▶ [What needs to be done]
Please retype all the data below exactly, line for line.

▶ [Provided data]
-*-*-
(* Let $X$ be a compact metric countable space and $f:X\to X$ a continuous function such that every accumulation point of $X$ is periodic. Let $a$ be an accumulation point of $X$ and $(a_n)_{n\in\mathbb N}$ a sequence in $X$ such that $f^p(a_n)\to f^p(a)$ for some $p\in\mathbb N^*$. If $b\in X$ is a periodic point with $b\in\bigcap_{n\in\mathbb N}\overline{\mathcal O_f(a_n)}$, then $b\in\mathcal O_f(a)$.
   Context: $\mathbb N^*$ denotes the set of free ultrafilters on $\mathbb N$. For $p\in\mathbb N^*$, the $p$-iterate $f^p:X\to X$ is defined by $f^p(x)=p\text{-}\lim_{n\to\infty}f^n(x)$, where $y=p\text{-}\lim x_n$ means $\{n: x_n\in V\}\in p$ for every neighborhood $V$ of $y$. The orbit of $x$ is $\mathcal O_f(x)=\{f^n(x):n\in\mathbb N\}$. A point $x$ is periodic if $f^n(x)=x$ for some $n\ge1$. An accumulation point is a non-isolated point. *)

theory Defs
  imports "HOL-Analysis.Analysis"
begin

definition free_ultrafilter :: "nat filter \<Rightarrow> bool" where
  "free_ultrafilter p \<longleftrightarrow> p \<noteq> bot
     \<and> (\<forall>P. eventually P p \<or> eventually (\<lambda>n. \<not> P n) p)
     \<and> (\<forall>m. \<not> eventually (\<lambda>n. n = m) p)"

definition p_iterate :: "nat filter \<Rightarrow> ('a::t2_space \<Rightarrow> 'a) \<Rightarrow> 'a \<Rightarrow> 'a" where
  "p_iterate p f x = Lim p (\<lambda>n. (f ^^ n) x)"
-*-*-
▶ [Task answer]
(* Let $X$ be a compact metric countable space and $f:X\to X$ a continuous function such that every accumulation point of $X$ is periodic. Let $a$ be an accumulation point of $X$ and $(a_n)_{n\in\mathbb N}$ a sequence in $X$ such that $f^p(a_n)\to f^p(a)$ for some $p\in\mathbb N^*$. If $b\in X$ is a periodic point with $b\in\bigcap_{n\in\mathbb N}\overline{\mathcal O_f(a_n)}$, then $b\in\mathcal O_f(a)$.
   Context: $\mathbb N^*$ denotes the set of free ultrafilters on $\mathbb N$. For $p\in\mathbb N^*$, the $p$-iterate $f^p:X\to X$ is defined by $f^p(x)=p\text{-}\lim_{n\to\infty}f^n(x)$, where $y=p\text{-}\lim x_n$ means $\{n: x_n\in V\}\in p$ for every neighborhood $V$ of $y$. The orbit of $x$ is $\mathcal O_f(x)=\{f^n(x):n\in\mathbb N\}$. A point $x$ is periodic if $f^n(x)=x$ for some $n\ge1$. An accumulation point is a non-isolated point. *)

theory Defs
  imports "HOL-Analysis.Analysis"
begin

definition free_ultrafilter :: "nat filter \<Rightarrow> bool" where
  "free_ultrafilter p \<longleftrightarrow> p \<noteq> bot
     \<and> (\<forall>P. eventually P p \<or> eventually (\<lambda>n. \<not> P n) p)
     \<and> (\<forall>m. \<not> eventually (\<lambda>n. n = m) p)"

definition p_iterate :: "nat filter \<Rightarrow> ('a::t2_space \<Rightarrow> 'a) \<Rightarrow> 'a \<Rightarrow> 'a" where
  "p_iterate p f x = Lim p (\<lambda>n. (f ^^ n) x)"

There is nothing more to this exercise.